Setting this aside, the key conceptual issue I will deal with in this paper is the relation of the causal closure of emergent properties P to levels in the hierarchy of emergence.

Effective Theories and Existence of Levels is discussed in Sect. 4.1. Levels of Interest (LOIs) are defined in Sect. 4.2. Sensible choices for LOIs are discussed in Sect. 4.3. However there is a problem: Interactions span all levels: every LOI interacts with every other level by both upwards and downwards causation, so how can one get meaningful LOIs, or indeed a meaningful level? I elaborate on this problem in Sect. 4.4. A practical way out is by defining Effective Causal Closure, discussed later in Sect. 5.3. The choices one makes relate to whether one wants to answer How questions or Why questions (Sect. 4.5).

4.1 Effective Theories and Existence of Levels

An Effective Theory \(\mathbf{ET }_\mathbf{L }\) (Sect. 2.2) is a set of variables and equations representing interactions and constraints at a particular level L, such that initial data implies a reliable outcome at that level. It is the possibility of existence of an Effective Theory \(\mathbf{ET }_\mathbf{L }\) (1) at each Level L (the dynamics at that level is determined at that level) that underlies the very concept of levels in the first place. As commented by Peacocke ([112], p. 10), following from [126]

Natural hierarchies are more often than not ‘nearly decomposable’ - that is, the interactions among the sub-systems (the ‘parts’) are relatively weak compared withe the interactions among the subsystems, a property which simplifies there behaviour and description.

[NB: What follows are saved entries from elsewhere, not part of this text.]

(* The function $\Phi(\alpha,\beta)=\left(\frac{1+\sqrt{\alpha\beta}}{\sqrt{\alpha}+\sqrt{\beta}}\right)^2$ is nondecreasing in each variable on $[1,\infty)^2$. Consequently, if $A,B$ are $2\times2$ matrices with strictly positive entries, $\alpha,\beta\ge1$, $R(A)\le\alpha$ and $R(B)\le\beta$, then $R(AB)\le\Phi(\alpha,\beta)$.
   Context: For a $2\times2$ matrix $A=(a_{ij})$ with strictly positive entries, $F(A)=\frac{a_{11}a_{22}}{a_{12}a_{21}}$ and the distortion is $R(A)=\max\{F(A),1/F(A)\}$. *)

theory Defs
  imports "HOL-Analysis.Analysis"
begin

definition pos_matrix :: "real^2^2 \<Rightarrow> bool" where
  "pos_matrix A \<longleftrightarrow> (\<forall>i j. A $ i $ j > 0)"

definition crossF :: "real^2^2 \<Rightarrow> real" where
  "crossF A = (A $ 1 $ 1 * A $ 2 $ 2) / (A $ 1 $ 2 * A $ 2 $ 1)"

definition distortion :: "real^2^2 \<Rightarrow> real" where
  "distortion A = max (crossF A) (1 / crossF A)"

definition Phi :: "real \<Rightarrow> real \<Rightarrow> real" where
  "Phi \<alpha> \<beta> = ((1 + sqrt (\<alpha> * \<beta>)) / (sqrt \<alpha> + sqrt \<beta>))\<^sup>2"

end

theory Submission
  imports Defs
begin

text \<open>Write \<open>u = F(A)\<close>, \<open>v = F(B)\<close>. Expanding the entries of \<open>AB\<close> gives
  \<open>F(AB) = (k + uv + 1) / (k + u + v)\<close> with \<open>k \<ge> 2\<surd>(uv)\<close> by AM-GM. If \<open>u - 1\<close> and
  \<open>v - 1\<close> have opposite signs this is at most \<open>1\<close>; otherwise it decreases in \<open>k\<close>, so it is
  at most its value at \<open>k = 2\<surd>(uv)\<close>, which is \<open>\<psi>(\<surd>u, \<surd>v)\<^sup>2\<close> for
  \<open>\<psi>(x, y) = (1 + xy) / (x + y)\<close>. Since \<open>\<psi>(1/x, 1/y) = \<psi>(x, y)\<close> we may take
  \<open>u, v \<ge> 1\<close>, and \<open>\<psi>\<close> is nondecreasing in each variable on \<open>[1,\<infinity>)\<^sup>2\<close>, while
  \<open>\<Phi>(\<alpha>, \<beta>) = \<psi>(\<surd>\<alpha>, \<surd>\<beta>)\<^sup>2\<close>.\<close>

definition psi :: "real \<Rightarrow> real \<Rightarrow> real" where
  "psi x y = (1 + x * y) / (x + y)"

lemma psi_commute: "psi x y = psi y x"
  unfolding psi_def by (simp add: algebra_simps)

lemma psi_inverse:
  assumes "x > 0" "y > 0"
  shows "psi (1 / x) (1 / y) = psi x y"
proof -
  have "1 + 1 / x * (1 / y) = (1 + x * y) / (x * y)" "1 / x + 1 / y = (x + y) / (x * y)"
    using assms by (simp_all add: field_simps)
  with assms show ?thesis
    unfolding psi_def by simp
qed

lemma psi_mono_left:
  assumes "1 \<le> y" "0 < x" "x \<le> x'"
  shows "psi x y \<le> psi x' y"
proof -
  have "1 * 1 \<le> y * y"
    using assms by (intro mult_mono) auto
  then have "(x' - x) * 1 \<le> (x' - x) * (y * y)"
    using assms by (intro mult_left_mono) auto
  then have "(1 + x * y) * (x' + y) \<le> (1 + x' * y) * (x + y)"
    by (simp add: algebra_simps)
  then show ?thesis
    using assms unfolding psi_def by (simp add: divide_simps)
qed

lemma psi_mono:
  assumes "1 \<le> x" "x \<le> x'" "1 \<le> y" "y \<le> y'"
  shows "psi x y \<le> psi x' y'"
proof -
  have "psi x y \<le> psi x' y"
    using assms by (intro psi_mono_left) auto
  also have "\<dots> = psi y x'" by (rule psi_commute)
  also have "\<dots> \<le> psi y' x'"
    using assms by (intro psi_mono_left) auto
  finally show ?thesis by (simp add: psi_commute)
qed

lemma psi_nonneg: "0 \<le> x \<Longrightarrow> 0 \<le> y \<Longrightarrow> 0 \<le> psi x y"
  unfolding psi_def by simp

lemma Phi_eq_psi_sqrt:
  assumes "0 \<le> \<alpha>" "0 \<le> \<beta>"
  shows "Phi \<alpha> \<beta> = (psi (sqrt \<alpha>) (sqrt \<beta>))\<^sup>2"
  using assms unfolding Phi_def psi_def by (simp add: real_sqrt_mult)

lemma Phi_mono:
  assumes "1 \<le> \<alpha>" "\<alpha> \<le> \<alpha>'" "1 \<le> \<beta>" "\<beta> \<le> \<beta>'"
  shows "Phi \<alpha> \<beta> \<le> Phi \<alpha>' \<beta>'"
proof -
  have "psi (sqrt \<alpha>) (sqrt \<beta>) \<le> psi (sqrt \<alpha>') (sqrt \<beta>')"
    using assms by (intro psi_mono) auto
  then show ?thesis
    using assms by (simp add: Phi_eq_psi_sqrt power_mono psi_nonneg)
qed

lemma one_le_Phi:
  assumes "1 \<le> \<alpha>" "1 \<le> \<beta>"
  shows "1 \<le> Phi \<alpha> \<beta>"
  using Phi_mono[OF order_refl _ order_refl, of \<alpha> \<beta>] assms by (simp add: Phi_def)

lemma psi_le_psi_if_same_side:
  assumes "x > 0" "y > 0" "(x - 1) * (y - 1) \<ge> 0"
    and "x \<le> a" "1 / x \<le> a" "y \<le> b" "1 / y \<le> b"
  shows "psi x y \<le> psi a b"
proof -
  consider "1 \<le> x" "1 \<le> y" | "x \<le> 1" "y \<le> 1"
    using assms(3) by (fastforce simp: zero_le_mult_iff)
  then show ?thesis
  proof cases
    case 1
    with assms show ?thesis by (intro psi_mono) auto
  next
    case 2
    with assms have "psi (1 / x) (1 / y) \<le> psi a b"
      by (intro psi_mono) auto
    with assms show ?thesis by (simp add: psi_inverse)
  qed
qed

lemma cross_ratio_le_psi_square:
  assumes "x > 0" "y > 0" "k \<ge> 2 * x * y" "(x - 1) * (y - 1) \<ge> 0"
  shows "(k + x\<^sup>2 * y\<^sup>2 + 1) / (k + x\<^sup>2 + y\<^sup>2) \<le> (psi x y)\<^sup>2"
proof -
  have "(x\<^sup>2 - 1) * (y\<^sup>2 - 1) = ((x - 1) * (y - 1)) * ((x + 1) * (y + 1))"
    by (simp add: power2_eq_square algebra_simps)
  then have gap: "(x\<^sup>2 - 1) * (y\<^sup>2 - 1) \<ge> 0"
    using assms by simp
  have den: "2 * x * y + x\<^sup>2 + y\<^sup>2 > 0"
    using assms by (simp add: add_pos_pos)
  have "(k + x\<^sup>2 * y\<^sup>2 + 1) / (k + x\<^sup>2 + y\<^sup>2)
        = 1 + (x\<^sup>2 - 1) * (y\<^sup>2 - 1) / (k + x\<^sup>2 + y\<^sup>2)"
    using den assms by (simp add: field_simps)
  also have "\<dots> \<le> 1 + (x\<^sup>2 - 1) * (y\<^sup>2 - 1) / (2 * x * y + x\<^sup>2 + y\<^sup>2)"
    using gap den assms by (simp add: divide_left_mono)
  also have "\<dots> = (1 + x * y)\<^sup>2 / (x + y)\<^sup>2"
    using den assms by (simp add: field_simps power2_eq_square)
  finally show ?thesis by (simp add: psi_def power_divide)
qed

lemma one_le_max_inverse:
  fixes u :: real
  assumes "u > 0"
  shows "1 \<le> max u (1 / u)"
proof (cases "u \<le> 1")
  case True
  with assms have "1 \<le> 1 / u" by simp
  then show ?thesis by (simp add: le_max_iff_disj)
qed simp

lemma cross_ratio_le_Phi:
  assumes "u > 0" "v > 0" "k \<ge> 2 * sqrt (u * v)"
    and "max u (1 / u) \<le> \<alpha>" "max v (1 / v) \<le> \<beta>"
  shows "(k + u * v + 1) / (k + u + v) \<le> Phi \<alpha> \<beta>"
proof (cases "(u - 1) * (v - 1) \<le> 0")
  case True
  have "1 \<le> \<alpha>" "1 \<le> \<beta>"
    using assms one_le_max_inverse[of u] one_le_max_inverse[of v] by linarith+
  have "0 \<le> sqrt (u * v)"
    using assms by simp
  then have "0 \<le> k"
    using assms(3) by linarith
  then have "k + u + v > 0" using assms by simp
  moreover have "k + u * v + 1 \<le> k + u + v"
    using True by (simp add: algebra_simps)
  ultimately have "(k + u * v + 1) / (k + u + v) \<le> 1" by simp
  also have "\<dots> \<le> Phi \<alpha> \<beta>"
    using \<open>1 \<le> \<alpha>\<close> \<open>1 \<le> \<beta>\<close> by (rule one_le_Phi)
  finally show ?thesis .
next
  case False
  define x y where "x = sqrt u" and "y = sqrt v"
  have xy: "x > 0" "y > 0" "u = x\<^sup>2" "v = y\<^sup>2"
    using assms by (simp_all add: x_def y_def)
  have "(u - 1) * (v - 1) = ((x - 1) * (y - 1)) * ((x + 1) * (y + 1))"
    by (simp add: xy power2_eq_square algebra_simps)
  with False have "0 < ((x - 1) * (y - 1)) * ((x + 1) * (y + 1))"
    by linarith
  moreover have "0 < (x + 1) * (y + 1)"
    using xy by simp
  ultimately have "(x - 1) * (y - 1) > 0"
    by (rule zero_less_mult_pos2)
  then have same_side: "(x - 1) * (y - 1) \<ge> 0"
    by simp
  have inverse: "1 / x = sqrt (1 / u)" "1 / y = sqrt (1 / v)"
    by (simp_all add: x_def y_def real_sqrt_divide)
  have "x \<le> sqrt \<alpha>" "1 / x \<le> sqrt \<alpha>" "y \<le> sqrt \<beta>" "1 / y \<le> sqrt \<beta>"
    unfolding inverse using assms(4,5) by (auto simp: x_def y_def intro: real_sqrt_le_mono)
  with xy same_side have psi_le: "psi x y \<le> psi (sqrt \<alpha>) (sqrt \<beta>)"
    by (intro psi_le_psi_if_same_side)
  have "k \<ge> 2 * x * y"
    using assms(3) by (simp add: x_def y_def real_sqrt_mult)
  then have "(k + u * v + 1) / (k + u + v) \<le> (psi x y)\<^sup>2"
    using xy same_side by (simp add: cross_ratio_le_psi_square power_mult_distrib)
  also have "\<dots> \<le> (psi (sqrt \<alpha>) (sqrt \<beta>))\<^sup>2"
    using psi_le xy by (simp add: power_mono psi_nonneg)
  also have "\<dots> = Phi \<alpha> \<beta>"
    using assms one_le_max_inverse[of u] one_le_max_inverse[of v]
    by (simp add: Phi_eq_psi_sqrt)
  finally show ?thesis .
qed

lemma crossF_pos: "pos_matrix A \<Longrightarrow> crossF A > 0"
  unfolding pos_matrix_def crossF_def by simp

lemma cross_ratio_product:
  fixes a b c d e f g h :: real
  assumes "b \<noteq> 0" "c \<noteq> 0" "f \<noteq> 0" "g \<noteq> 0"
  defines "k \<equiv> a * e / (b * g) + d * h / (c * f)"
  shows "(a * e + b * g) * (c * f + d * h) / ((a * f + b * h) * (c * e + d * g))
       = (k + (a * d / (b * c)) * (e * h / (f * g)) + 1) / (k + a * d / (b * c) + e * h / (f * g))"
proof -
  have "(a * e + b * g) * (c * f + d * h)
        = (b * c * f * g) * (k + (a * d / (b * c)) * (e * h / (f * g)) + 1)"
    "(a * f + b * h) * (c * e + d * g) = (b * c * f * g) * (k + a * d / (b * c) + e * h / (f * g))"
    using assms by (simp_all add: field_simps)
  with assms show ?thesis by simp
qed

lemma crossF_matrix_mult:
  fixes A B :: "real^2^2"
  assumes "pos_matrix A" "pos_matrix B"
  obtains k where "k \<ge> 2 * sqrt (crossF A * crossF B)"
    and "crossF (A ** B) = (k + crossF A * crossF B + 1) / (k + crossF A + crossF B)"
proof
  have pos: "\<And>i j. A$i$j > 0" "\<And>i j. B$i$j > 0"
    using assms unfolding pos_matrix_def by auto
  then have nonzero: "\<And>i j. A$i$j \<noteq> 0" "\<And>i j. B$i$j \<noteq> 0"
    by (metis order_less_irrefl)+
  define p q where "p = A$1$1 * B$1$1 / (A$1$2 * B$2$1)" and "q = A$2$2 * B$2$2 / (A$2$1 * B$1$2)"
  have "p * q = crossF A * crossF B"
    using nonzero unfolding p_def q_def crossF_def by (simp add: field_simps)
  moreover have "p > 0" "q > 0"
    using pos by (simp_all add: p_def q_def)
  then have "sqrt (p * q) \<le> (p + q) / 2"
    by (intro arith_geo_mean_sqrt) simp_all
  ultimately show "p + q \<ge> 2 * sqrt (crossF A * crossF B)"
    by simp
  show "crossF (A ** B) = (p + q + crossF A * crossF B + 1) / (p + q + crossF A + crossF B)"
    using cross_ratio_product[where a = "A$1$1" and b = "A$1$2" and c = "A$2$1" and d = "A$2$2"
        and e = "B$1$1" and f = "B$1$2" and g = "B$2$1" and h = "B$2$2"]
    by (simp add: nonzero p_def q_def crossF_def matrix_matrix_mult_def sum_2)
qed

lemma sqrt_inverse_mult:
  fixes u v :: real
  assumes "u > 0"
  shows "sqrt (1 / u * v) = sqrt (u * v) / u"
proof -
  have "sqrt (u * v) / u = (sqrt u * sqrt v) / (sqrt u * sqrt u)"
    using assms by (simp add: real_sqrt_mult)
  also have "\<dots> = sqrt v / sqrt u"
    using assms by (intro mult_divide_mult_cancel_left) simp
  finally show ?thesis
    by (simp add: real_sqrt_divide)
qed

lemma distortion_matrix_mult_le_Phi:
  fixes A B :: "real^2^2"
  assumes "pos_matrix A" "pos_matrix B" "distortion A \<le> \<alpha>" "distortion B \<le> \<beta>"
  shows "distortion (A ** B) \<le> Phi \<alpha> \<beta>"
proof -
  obtain k where k: "k \<ge> 2 * sqrt (crossF A * crossF B)"
    and cross: "crossF (A ** B) = (k + crossF A * crossF B + 1) / (k + crossF A + crossF B)"
    using assms(1,2) by (rule crossF_matrix_mult)
  define u v where "u = crossF A" and "v = crossF B"
  have uv: "u > 0" "v > 0"
    using assms(1,2) by (simp_all add: u_def v_def crossF_pos)
  have bounds: "max u (1 / u) \<le> \<alpha>" "max v (1 / v) \<le> \<beta>"
    using assms(3,4) by (simp_all add: u_def v_def distortion_def)
  have "crossF (A ** B) \<le> Phi \<alpha> \<beta>"
    unfolding cross using uv k bounds by (intro cross_ratio_le_Phi) (simp_all add: u_def v_def)
  \<comment> \<open>The reciprocal is the same cross ratio for \<open>1 / u\<close> in place of \<open>u\<close>.\<close>
  have "1 / crossF (A ** B) = (k + u + v) / (k + u * v + 1)"
    unfolding cross u_def v_def by simp
  also have "\<dots> = (u * (k / u + 1 / u * v + 1)) / (u * (k / u + 1 / u + v))"
    using uv by (simp add: algebra_simps)
  also have "\<dots> = (k / u + 1 / u * v + 1) / (k / u + 1 / u + v)"
    using uv by simp
  also have "\<dots> \<le> Phi \<alpha> \<beta>"
  proof (rule cross_ratio_le_Phi)
    have "sqrt (1 / u * v) = sqrt (u * v) / u"
      using uv(1) by (rule sqrt_inverse_mult)
    then show "k / u \<ge> 2 * sqrt (1 / u * v)"
      using uv k by (simp add: u_def v_def divide_right_mono)
    show "max (1 / u) (1 / (1 / u)) \<le> \<alpha>"
      using bounds by (simp add: max.commute)
  qed (use uv bounds in simp_all)
  finally show ?thesis
    using \<open>crossF (A ** B) \<le> Phi \<alpha> \<beta>\<close> by (simp add: distortion_def)
qed

theorem mainTheorem2:
  shows "(\<forall>\<beta>\<ge>1. mono_on {1..} (\<lambda>\<alpha>. Phi \<alpha> \<beta>))
       \<and> (\<forall>\<alpha>\<ge>1. mono_on {1..} (\<lambda>\<beta>. Phi \<alpha> \<beta>))
       \<and> (\<forall>(A::real^2^2) (B::real^2^2) \<alpha> \<beta>.
            pos_matrix A \<longrightarrow> pos_matrix B \<longrightarrow> \<alpha> \<ge> 1 \<longrightarrow> \<beta> \<ge> 1 \<longrightarrow>
            distortion A \<le> \<alpha> \<longrightarrow> distortion B \<le> \<beta> \<longrightarrow>
            distortion (A ** B) \<le> Phi \<alpha> \<beta>)"
  by (auto intro!: mono_onI Phi_mono distortion_matrix_mult_le_Phi)

end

The fact that such levels exist is a consequence of the nature of the underlying physical laws and the values of the constants of nature [136]. It allows the existence of the modular hierarchical structures that are the core foundation of complexity (Sects. 2.1, 2.6).

4.2 Definition of Levels of Interest LOIs

Reference [126] defines a hierarchical system as follows, quoted in ([112], p. 249):

‘A hierarchical system: A system of composed of inter-related subsystems, each of the latter being in turn, hierarchical in structure until we reach some lowest level of elementary subsystem (the choice of this lowest level he regarded as arbitrary).

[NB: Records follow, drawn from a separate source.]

lemma iterate_hits_d_of_sweep:
  assumes "orbit_min \<le> t1" "t1 \<le> t2" "t2 \<le> e"
    and "(f ^^ q) t1 \<le> d \<and> z0 \<le> (f ^^ q) t2 \<or> (f ^^ q) t2 \<le> d \<and> z0 \<le> (f ^^ q) t1"
  obtains t where "t1 \<le> t" "t \<le> t2" "(f ^^ (q + 2*r)) t = d"
proof -
  obtain s where s: "d \<le> s" "s \<le> z0" "(f ^^ (2*r)) s = d"
    by (rule even_iterate_onto_d_z0[of d]) (use d_less_v v_less_z0 in auto)
  obtain t where t: "t1 \<le> t" "t \<le> t2" "(f ^^ q) t = s"
    by (rule iterate_IVT_between_orbit_min_e[of t1 t2 q s]) (use assms s in auto)
  have "(f ^^ (q + 2*r)) t = d"
    using funpow_add_apply[of "2*r" q f t] t(3) s(3) by (simp add: add.commute)
  then show ?thesis
    using that t by blast
qed

lemma mu'_mem:
  assumes "1 \<le> n"
  shows "v \<le> mu' n" "mu' n \<le> u0" "(f ^^ (m + 2*n)) (mu' n) = d"
proof -
  have at_v: "(f ^^ (m + 2)) v = orbit_min"
    by (simp only: funpow_add_apply iter2_v orbit_periodic[OF orbit_min_in])
  have at_u0: "z0 \<le> (f ^^ (m + 2)) u0"
    using odd_period by (intro z0_le_odd_iterate_u0) simp
  obtain x where x: "v \<le> x" "x \<le> u0" "(f ^^ (m + 2 + 2*(n - 1))) x = d"
    by (rule iterate_hits_d_of_sweep[of v u0 "m + 2" "n - 1"])
      (use at_v at_u0 orbit_min_less_d u0_mem u0_less_z0 z0_less_e v_in in auto)
  have "m + 2 + 2*(n - 1) = m + 2*n"
    using assms by simp
  then have x_hit: "(f ^^ (m + 2*n)) x = d"
    using x(3) by (simp only:)
  have "mu' n \<in> {x \<in> {v..u0}. (f ^^ (m + 2*n)) x = d}"
    unfolding mu'_def using x(1,2) x_hit
    by (intro level_set_Sup_mem iterate_continuous_on_between_orbit_min_e) (use v_in u0_less_z0 z0_less_e in auto)
  then show "v \<le> mu' n" "mu' n \<le> u0" "(f ^^ (m + 2*n)) (mu' n) = d"
    by auto
qed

This is what I have taken for granted above. While it has all the levels shown in Table 1 (Sect. 2.1), we usually do not want to consider them all at once. Reference [15] says it thus:

Thus we take it as a given that when a portion of the universe is selected for study, be it a gas or a galaxy, we are allowed to blissfully ignore what is going on at scales that are much larger, or indeed much smaller, than the one we are considering.

That is what I am formalizing by defining the concept of Levels of Interest (LOI). They are defined as follows:

Levels of Interest (LOIs) is a definition of the range of levels that will be covered by a theory .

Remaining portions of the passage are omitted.